In reality, they are neither. Here's how Ornstein - a conservative himself - and Mann put it:
The GOP has become an insurgent outlier in American politics. It is ideologically extreme; scornful of compromise; unmoved by conventional understanding of facts, evidence and science; and dismissive of the legitimacy of its political opposition.
And yet, Republicans - with Democratic complicity - have been extraordinarily effective at stealth sabotage of government. Since Reagan, they've been claiming government can't do a thing right, making it so when they are in power, and filibustering it into incompetence when they aren't.
But because Democrats haven't called them on it and the corporate-controlled news media has given them a cloak of secrecy, most Americans aren't aware of how badly Republicans have undercut governance and government - how they have intentionally brought about the failures they point to as evidence that government can't do anything. And as government failures mounted, people have been crying a pox on both their houses, and faith in government is now at an all-time low.
This explains one of the great conundrums of politics. A sizable majority of Americans hold liberal positions on an issue-by-issue basis, but most are loath to call themselves liberals. And exit polls confirm that the political narrative is still shaped by meta-myths created by Republicans. Big gubmint' caint do nothin' right. The magic markets and the private sector will provide all good things by pure serendipity. Taxes are always bad. Regulation stifles growth ya da, ya da, ya da.

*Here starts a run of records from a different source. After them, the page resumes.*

(* Let $(X,f)$ be a dynamical system and $\mathbf{a}=(a_1,\dots,a_r)\in\mathbb{N}^r$. The following are equivalent: (1) $(X,f)$ is $\mathbf{a}$-transitive; (2) $(X,f)$ is $\nabla(\mathcal{F}[\mathbf{a}])$-point transitive; (3) $Trans(X,f)=Trans_{\nabla(\mathcal{F}[\mathbf{a}])}(X,f)\neq\emptyset$.
   Context: A dynamical system is a pair $(X,f)$ with $X$ a compact metric space and $f:X\to X$ continuous. $\mathbb{N}=\{1,2,\dots\}$, $\mathbb{Z}_+=\{0,1,2,\dots\}$. $N(U,V)=\{n\in\mathbb{N}: U\cap f^{-n}(V)\neq\emptyset\}$, $N(x,U)=\{n\in\mathbb{N}: f^n(x)\in U\}$. $(X,f)$ is transitive if $N(U,V)\neq\emptyset$ for all non-empty open $U,V$. A transitive point is an $x$ with $\omega(x,f)=X$; $Trans(X,f)$ is the set of transitive points. For a family $\mathcal{F}$ of subsets of $\mathbb{N}$, $x$ is an $\mathcal{F}$-transitive point if $N(x,U)\in\mathcal{F}$ for every non-empty open $U$; $Trans_{\mathcal{F}}(X,f)$ is the set of these, and $(X,f)$ is $\mathcal{F}$-point transitive if it is non-empty. For $F\subset\mathbb{N}$, $F-F=\{a-b:a,b\in F,\ a>b\}$ and $\nabla(\mathcal{F})=\{F\subset\mathbb{N}: F-F\in\mathcal{F}\}$. For $\mathbf{a}\in\mathbb{N}^r$, $(X,f)$ is $\mathbf{a}$-transitive if $(X^r,f^{a_1}\times\dots\times f^{a_r})$ is transitive. $\mathcal{F}[\mathbf{a}]$ is the collection of all $F\subset\mathbb{N}$ such that for every $(n_1,\dots,n_r)\in\mathbb{Z}_+^r$ there exists $k\in\mathbb{N}$ with $ka_i+n_i\in F$ for all $i=1,\dots,r$. *)

theory Defs
  imports "HOL-Analysis.Analysis"
begin

definition top_transitive :: "'b topology \<Rightarrow> ('b \<Rightarrow> 'b) \<Rightarrow> bool" where
  "top_transitive T g \<longleftrightarrow>
     (\<forall>U V. openin T U \<and> U \<noteq> {} \<and> openin T V \<and> V \<noteq> {} \<longrightarrow>
        (\<exists>n\<ge>1. \<exists>x\<in>U. (g ^^ n) x \<in> V))"

definition hit_times :: "('a \<Rightarrow> 'a) \<Rightarrow> 'a \<Rightarrow> 'a set \<Rightarrow> nat set" where
  "hit_times f x U = {n. n \<ge> 1 \<and> (f ^^ n) x \<in> U}"

definition omega_limit :: "('a::topological_space \<Rightarrow> 'a) \<Rightarrow> 'a \<Rightarrow> 'a set" where
  "omega_limit f x = (\<Inter>N. closure ((\<lambda>n. (f ^^ n) x) ` {N..}))"

definition trans_points :: "'a::topological_space set \<Rightarrow> ('a \<Rightarrow> 'a) \<Rightarrow> 'a set" where
  "trans_points X f = {x \<in> X. omega_limit f x = X}"

definition F_trans_points :: "nat set set \<Rightarrow> 'a::topological_space set \<Rightarrow> ('a \<Rightarrow> 'a) \<Rightarrow> 'a set" where
  "F_trans_points Fam X f =
     {x \<in> X. \<forall>U. openin (top_of_set X) U \<and> U \<noteq> {} \<longrightarrow> hit_times f x U \<in> Fam}"

definition diff_set :: "nat set \<Rightarrow> nat set" where
  "diff_set F = {a - b | a b. a \<in> F \<and> b \<in> F \<and> a > b}"

definition nabla :: "nat set set \<Rightarrow> nat set set" where
  "nabla Fam = {F. F \<subseteq> {1..} \<and> diff_set F \<in> Fam}"

text \<open>F[a] for a = (a 0, ..., a (r-1))\<close>
definition F_vec :: "nat \<Rightarrow> (nat \<Rightarrow> nat) \<Rightarrow> nat set set" where
  "F_vec r a = {F. F \<subseteq> {1..} \<and>
     (\<forall>n::nat \<Rightarrow> nat. \<exists>k\<ge>1. \<forall>i<r. k * a i + n i \<in> F)}"

definition a_transitive :: "'a::topological_space set \<Rightarrow> ('a \<Rightarrow> 'a) \<Rightarrow> nat \<Rightarrow> (nat \<Rightarrow> nat) \<Rightarrow> bool" where
  "a_transitive X f r a \<longleftrightarrow>
     top_transitive (product_topology (\<lambda>_. top_of_set X) {..<r})
       (\<lambda>x. restrict (\<lambda>i. (f ^^ a i) (x i)) {..<r})"

end

theory Submission
  imports Defs
begin

text \<open>The transitive points are those whose orbit enters every non-empty open set infinitely
  often, and for such a point x the difference set N(x,U) - N(x,U) is exactly the set of return
  times N(U,U). Since members of F[a] are infinite and difference sets of finite sets are finite,
  Trans_{\<nabla>F[a]} is therefore the set of transitive points if N(U,U) \<in> F[a] for every
  non-empty open U, and empty otherwise. It remains to see that a-transitivity is equivalent to
  this condition on N(U,U) together with the existence of a transitive point. An a-transitive
  system is transitive, hence has a transitive point by Baire's theorem, and it satisfies the
  condition after pulling the open sets back along f^{n_i} (f is onto). Conversely, given boxes
  U_1 \<times> ... \<times> U_r and V_1 \<times> ... \<times> V_r, let the transitive point visit V_i at time t_i
  and then U_i at time s_i \<ge> t_i; the return times of the open set of points that follow
  the same itinerary contain some k a_i + (s_i - t_i) for all i at once, and this k works.\<close>

lemma funpow_mem: "x \<in> X \<Longrightarrow> f ` X \<subseteq> X \<Longrightarrow> (f ^^ n) x \<in> X"
  by (induction n) auto

lemma continuous_on_funpow:
  assumes "continuous_on X f" "f ` X \<subseteq> X"
  shows "continuous_on X (f ^^ n)"
proof (induction n)
  case 0
  then show ?case by (simp add: continuous_on_id)
next
  case (Suc n)
  have "continuous_on ((f ^^ n) ` X) f"
    using continuous_on_subset[OF assms(1)] funpow_mem[OF _ assms(2)] by blast
  then show ?case
    using continuous_on_compose[OF Suc] by (simp add: comp_def)
qed

lemma openin_funpow_preimage:
  assumes "continuous_on X f" "f ` X \<subseteq> X" "openin (top_of_set X) V"
  shows "openin (top_of_set X) {y \<in> X. (f ^^ n) y \<in> V}"
proof -
  obtain T where T: "open T" "V = X \<inter> T"
    using assms(3) by (auto simp: openin_open)
  have "{y \<in> X. (f ^^ n) y \<in> V} = X \<inter> (f ^^ n) -` T"
    using funpow_mem[OF _ assms(2)] T(2) by auto
  then show ?thesis
    using continuous_openin_preimage_gen[OF continuous_on_funpow[OF assms(1,2)] T(1)] by simp
qed

definition visits_open_sets_infinitely :: "'a::topological_space set \<Rightarrow> ('a \<Rightarrow> 'a) \<Rightarrow> 'a \<Rightarrow> bool"
  where "visits_open_sets_infinitely X f x \<longleftrightarrow>
    (\<forall>U. openin (top_of_set X) U \<and> U \<noteq> {} \<longrightarrow> infinite (hit_times f x U))"

definition return_times :: "('a \<Rightarrow> 'a) \<Rightarrow> 'a set \<Rightarrow> nat set"
  where "return_times f U = {n. n \<ge> 1 \<and> (\<exists>y\<in>U. (f ^^ n) y \<in> U)}"

lemma visits_open_sets_infinitelyD:
  "visits_open_sets_infinitely X f x \<Longrightarrow> openin (top_of_set X) U \<Longrightarrow> U \<noteq> {}
    \<Longrightarrow> \<exists>n\<ge>M. n \<in> hit_times f x U"
  unfolding visits_open_sets_infinitely_def infinite_nat_iff_unbounded_le by blast

lemma trans_points_eq_visits_open_sets_infinitely:
  fixes X :: "'a::metric_space set"
  assumes "closed X" "f ` X \<subseteq> X"
  shows "trans_points X f = {x \<in> X. visits_open_sets_infinitely X f x}"
proof -
  have "omega_limit f x = X \<longleftrightarrow> visits_open_sets_infinitely X f x" if x: "x \<in> X" for x
  proof
    assume om: "omega_limit f x = X"
    show "visits_open_sets_infinitely X f x"
      unfolding visits_open_sets_infinitely_def infinite_nat_iff_unbounded_le
    proof (intro allI impI)
      fix U M assume U: "openin (top_of_set X) U \<and> U \<noteq> {}"
      then obtain y e where y: "y \<in> U" "e > 0" "ball y e \<inter> X \<subseteq> U"
        by (metis ex_in_conv openin_contains_ball)
      have "y \<in> closure ((\<lambda>n. (f ^^ n) x) ` {Suc M..})"
        using om y(1) U openin_imp_subset unfolding omega_limit_def by blast
      then obtain n where "n \<ge> Suc M" "dist ((f ^^ n) x) y < e"
        using y(2) unfolding closure_approachable by auto
      then show "\<exists>n\<ge>M. n \<in> hit_times f x U"
        using y(3) funpow_mem[OF x assms(2)] unfolding hit_times_def
        by (intro exI[of _ n]) (auto simp: dist_commute)
    qed
  next
    assume vis: "visits_open_sets_infinitely X f x"
    have "closure ((\<lambda>n. (f ^^ n) x) ` {N..}) \<subseteq> X" for N
      using funpow_mem[OF x assms(2)] by (intro closure_minimal[OF _ assms(1)]) auto
    moreover have "y \<in> closure ((\<lambda>n. (f ^^ n) x) ` {N..})" if y: "y \<in> X" for y N
      unfolding closure_approachable
    proof (intro allI impI)
      fix e :: real assume "e > 0"
      then have "openin (top_of_set X) (X \<inter> ball y e)" "X \<inter> ball y e \<noteq> {}"
        using y by (auto simp: openin_open_Int)
      then obtain n where "n \<ge> N" "n \<in> hit_times f x (X \<inter> ball y e)"
        using visits_open_sets_infinitelyD[OF vis] by blast
      then show "\<exists>z\<in>(\<lambda>n. (f ^^ n) x) ` {N..}. dist z y < e"
        unfolding hit_times_def by (auto simp: dist_commute)
    qed
    ultimately show "omega_limit f x = X"
      unfolding omega_limit_def by blast
  qed
  then show ?thesis
    unfolding trans_points_def by blast
qed

lemma diff_set_hit_times:
  assumes "continuous_on X f" "f ` X \<subseteq> X" "visits_open_sets_infinitely X f x"
    and "openin (top_of_set X) U"
  shows "diff_set (hit_times f x U) = return_times f U"
proof
  show "diff_set (hit_times f x U) \<subseteq> return_times f U"
  proof
    fix n assume "n \<in> diff_set (hit_times f x U)"
    then obtain p q where pq: "n = p - q" "p \<in> hit_times f x U" "q \<in> hit_times f x U" "q < p"
      unfolding diff_set_def by blast
    then have "p = n + q"
      by simp
    then have "(f ^^ n) ((f ^^ q) x) = (f ^^ p) x"
      by (simp add: funpow_add)
    moreover have "(f ^^ q) x \<in> U" "(f ^^ p) x \<in> U"
      using pq(2,3) unfolding hit_times_def by auto
    moreover have "n \<ge> 1"
      using pq(1,4) by simp
    ultimately show "n \<in> return_times f U"
      unfolding return_times_def by (intro CollectI conjI bexI[of _ "(f ^^ q) x"]) simp_all
  qed
next
  show "return_times f U \<subseteq> diff_set (hit_times f x U)"
  proof
    fix n assume "n \<in> return_times f U"
    then obtain y where y: "n \<ge> 1" "y \<in> U" "(f ^^ n) y \<in> U"
      unfolding return_times_def by blast
    let ?W = "U \<inter> {y \<in> X. (f ^^ n) y \<in> U}"
    have "openin (top_of_set X) ?W"
      using openin_funpow_preimage[OF assms(1,2,4)] assms(4) by blast
    moreover have "?W \<noteq> {}"
      using y openin_imp_subset[OF assms(4)] by blast
    ultimately obtain q where "q \<in> hit_times f x ?W"
      using visits_open_sets_infinitelyD[OF assms(3)] by blast
    then have "n + q \<in> hit_times f x U" "q \<in> hit_times f x U"
      unfolding hit_times_def by (auto simp: funpow_add)
    then show "n \<in> diff_set (hit_times f x U)"
      unfolding diff_set_def using y(1) by (intro CollectI exI[of _ "n + q"] exI[of _ q]) auto
  qed
qed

As long as these myths survive, it will be difficult to pull the country back from the political cliff that has led to the fiscal cliff. And as long as Democrats fail to confront these issues, the myths will survive.
This campaign was a start. After ignoring the fundamental differences between the parties for three years and nearly compromising away core liberal and progressive values, this administration and this President were forced to stake out the liberal position. The embrace was reluctant, but they had no choice.
And Liberalism won.
Democrats now have an historic opportunity to put a stake in the heart of these destructive meta-myths and wrest control of the country from the clutches of the plutocrats. It they don't seize this opportunity, they will continue to win battles while losing the war.
What must they do?
Take on the myths. Consolidate and extend the ground gained in this election, don't retreat from them. Polls show that Americans would rather raise taxes than gut social security Medicare, and Medicaid in order to balance the budget. In fact, the vast majority of Americans don't believe deficits should be our number one issue right now - they think job creation should be. So how much political courage would it take to stand up the Republicans when they start trying to raise a panic?
And how much would it take to embrace the Congressional Progressive Caucus's Budget4All, which balances the budget sooner than any Republican proposal and uses popular measures to do it?
If Republicans choose to filibuster, make them wear diapers. Make them stand in front of the American people day after day, defending tax cuts for corporations and the rich and tax increases for middle and low income Americans; make them call for eviscerating social security, eliminating Medicare as we know it, gutting Medicaid, cutting Pell grants for students, deregulating industry, giving tax credits for shipping jobs overseas - the whole shebang.
By putting a spotlight on their policies, we'll not only avoid a fiscal cliff, we'll escape a much more serious political cliff we've been hurtling toward for 30 years now.